At school, in a math lesson, students analyze new topics every year. Grade 6 usually studies the module of number - this is an important concept in mathematics, work with which is found further in algebra and higher mathematics. It is very important to initially correctly understand the explanation of the term and understand this topic in order to successfully pass other topics.

To begin with, it should be understood that the absolute value is a parameter in statistics (measured quantitatively) that characterizes the phenomenon under study in terms of its volume. In this case, the phenomenon should be carried out within a certain time frame and with a certain location. Distinguish between values:

• total - suitable for a group of units or the entire population;
• individual - suitable only for working with a unit of a certain set.

The concepts are widely used in statistical measurements, the result of which are indicators that characterize the absolute dimensions of each unit of a certain phenomenon. They are measured in two indicators: natural, i.e. physical units (pieces, people) and conditionally natural. A module in mathematics is a display of these indicators.

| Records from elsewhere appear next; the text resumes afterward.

(* Let $-1<a<0$ and $\mathbf{g}\in\mathbb{R}^m$. There is a unique $c\in\mathbb{R}$ (with $g_i + c > 0$ for all $i$) such that $\sum_{i=1}^m (g_i+c)^{1/a} = 1$. Furthermore, let $\mathbf{v}\in\Delta^m$ with all $v_i>0$, and $\kappa\ge 0$. Then: (i) if $g_i \le v_i^a + \kappa$ for all $i$, then $c\ge-\kappa$; (ii) if $g_i \ge v_i^a - \frac{\kappa}{v_i}$ for all $i$, then $c \le \frac{\kappa}{\min_i v_i}$; and if, furthermore, $\kappa \le a^2 v_i^{a+1}$ for all $i$, then $c\le m\kappa$.
   Context: $\Delta^m$ is the probability simplex in $\mathbb{R}^m$. *)

theory Defs
  imports Complex_Main
begin

definition prob_simplex :: "('m::finite \<Rightarrow> real) set" where
  "prob_simplex = {v. (\<forall>i. 0 \<le> v i) \<and> (\<Sum>i\<in>UNIV. v i) = 1}"

end

theory Submission
  imports Defs "HOL-Analysis.Convex"
begin

(* Write p = 1/a < -1.  The map c \<mapsto> \<Sum>i (g i + c) powr p is continuous and strictly
   decreasing on {c. \<forall>i. 0 < g i + c}, large near the left end and small far right, so it
   takes the value 1 exactly once.  Monotonicity also gives a comparison principle: if
   0 < x i \<le> g i + d and \<Sum>i x i powr p \<le> 1 then c \<le> d, and dually.  Bound (i) and the
   first half of (ii) compare with x i = v i powr a, whose p-th powers sum to 1.  For c \<le> m \<kappa>
   compare with x i = v i powr a + m \<kappa> - \<kappa> / v i and show
   x i powr p \<le> v i (1 + t (m - 1 / v i)) with t = \<kappa> m powr a / a; these majorants sum to 1.
   After rescaling (b = -a, s = m v i, K = \<kappa> m powr (a + 1)) this is
   (1 - K (1 - 1/s) / b) powr (-b) \<le> 1 + K (s powr b - s powr (b - 1)), where the left side is
   convex and the right side affine in K, with equality at K = 0.  So it suffices to treat the
   largest admissible K (b\<^sup>2 for s \<ge> 1, b\<^sup>2 s powr (1 - b) for s \<le> 1), which is done by
   a monotonicity argument in s. *)

definition normalizes :: "real \<Rightarrow> ('m::finite \<Rightarrow> real) \<Rightarrow> real \<Rightarrow> bool" where
  "normalizes p g c \<longleftrightarrow> (\<forall>i. 0 < g i + c) \<and> (\<Sum>i\<in>UNIV. (g i + c) powr p) = 1"

lemma sum_powr_strict_antimono:
  fixes x y :: "'m::finite \<Rightarrow> real"
  assumes "p < 0" "\<And>i. 0 < x i" "\<And>i. x i < y i"
  shows "(\<Sum>i\<in>UNIV. y i powr p) < (\<Sum>i\<in>UNIV. x i powr p)"
  using assms by (intro sum_strict_mono powr_less_mono2_neg) auto

lemma normalizes_le:
  fixes g x :: "'m::finite \<Rightarrow> real"
  assumes "p < 0" "normalizes p g c" "\<And>i. 0 < x i" "\<And>i. x i \<le> g i + d"
    and "(\<Sum>i\<in>UNIV. x i powr p) \<le> 1"
  shows "c \<le> d"
proof (rule ccontr)
  assume "\<not> c \<le> d"
  then have "x i < g i + c" for i
    using assms(4)[of i] by linarith
  then have "(\<Sum>i\<in>UNIV. (g i + c) powr p) < (\<Sum>i\<in>UNIV. x i powr p)"
    by (intro sum_powr_strict_antimono[OF \<open>p < 0\<close> assms(3)])
  then show False
    using assms(2,5) unfolding normalizes_def by simp
qed

lemma normalizes_ge:
  fixes g x :: "'m::finite \<Rightarrow> real"
  assumes "p < 0" "normalizes p g c" "\<And>i. g i + d \<le> x i"
    and "1 \<le> (\<Sum>i\<in>UNIV. x i powr p)"
  shows "d \<le> c"
proof (rule ccontr)
  assume "\<not> d \<le> c"
  then have "g i + c < x i" for i
    using assms(3)[of i] by linarith
  then show False
    using sum_powr_strict_antimono[OF \<open>p < 0\<close>, of "\<lambda>i. g i + c" x] assms(2,4)
    unfolding normalizes_def by auto
qed

lemma normalizes_unique:
  assumes "p < 0" "normalizes p g c" "normalizes p g c'"
  shows "c = c'"
  using normalizes_le[OF assms(1,2), of "\<lambda>i. g i + c'" c']
    normalizes_le[OF assms(1,3), of "\<lambda>i. g i + c" c] assms(2,3)
  unfolding normalizes_def by auto

lemma normalizes_exists:
  fixes g :: "'m::finite \<Rightarrow> real"
  assumes p: "p < 0"
  shows "\<exists>c. normalizes p g c"
proof -
  define F where "F c = (\<Sum>i\<in>UNIV. (g i + c) powr p)" for c
  define N where "N = real (card (UNIV :: 'm set))"
  obtain i0 where i0: "g i0 = Min (range g)"
    by (metis Min_in finite_UNIV finite_imageI imageE image_is_empty UNIV_not_empty)
  \<comment> \<open>At c0 the smallest coordinate alone contributes 1; at c1 each of the N terms is at most 1/N.\<close>
  define c0 where "c0 = 1 - g i0"
  define c1 where "c1 = N powr (-1 / p) - g i0"
  have min: "g i0 \<le> g i" for i
    unfolding i0 by simp
  have N: "1 \<le> N"
    unfolding N_def by (simp add: Suc_le_eq finite_UNIV_card_ge_0)
  then have "1 \<le> N powr (-1 / p)"
    using p by (intro ge_one_powr_ge_zero) (auto simp: divide_simps)
  then have c01: "c0 \<le> c1"
    unfolding c0_def c1_def by simp
  have pos: "0 < g i + c" if "c0 \<le> c" for i c
    using min[of i] that unfolding c0_def by simp
  have "(g i0 + c0) powr p \<le> F c0"
    unfolding F_def by (rule member_le_sum) auto
  then have "1 \<le> F c0"
    unfolding c0_def by simp
  have "F c1 \<le> (\<Sum>i\<in>(UNIV :: 'm set). (N powr (-1 / p)) powr p)"
    unfolding F_def
    by (intro sum_mono powr_mono2') (use p min \<open>1 \<le> N powr (-1 / p)\<close> in \<open>auto simp: c1_def\<close>)
  also have "\<dots> = N * N powr (-1)"
    using p by (simp add: powr_powr N_def)
  also have "\<dots> = 1"
    using N by (simp add: powr_minus_divide)
  finally have "F c1 \<le> 1" .
  have "continuous_on {c0..c1} F"
    unfolding F_def
    by (intro continuous_on_sum continuous_intros ballI) (metis atLeastAtMost_iff pos less_irrefl)
  then obtain c where c: "c0 \<le> c" "F c = 1"
    using IVT2'[of F c1 1 c0] \<open>F c1 \<le> 1\<close> \<open>1 \<le> F c0\<close> c01 by auto
  with pos show ?thesis
    unfolding normalizes_def F_def by blast
qed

What is the modulus of a number?

Important! This definition of "module" is translated from Latin as "measure" and means the absolute value of any natural number.

But this concept also has a geometric explanation, since a module in geometry is equal to the distance from the origin of the coordinate system to the point X, which is measured in the usual units of measurement.

In order to determine this indicator for a number, you should not take into account its sign (minus, plus), but you should remember that it can never be negative. This value on paper is highlighted graphically in the form of square brackets - | a |. Moreover, the mathematical definition is as follows:

| x | = x if x is greater or is zero and -x if less than zero.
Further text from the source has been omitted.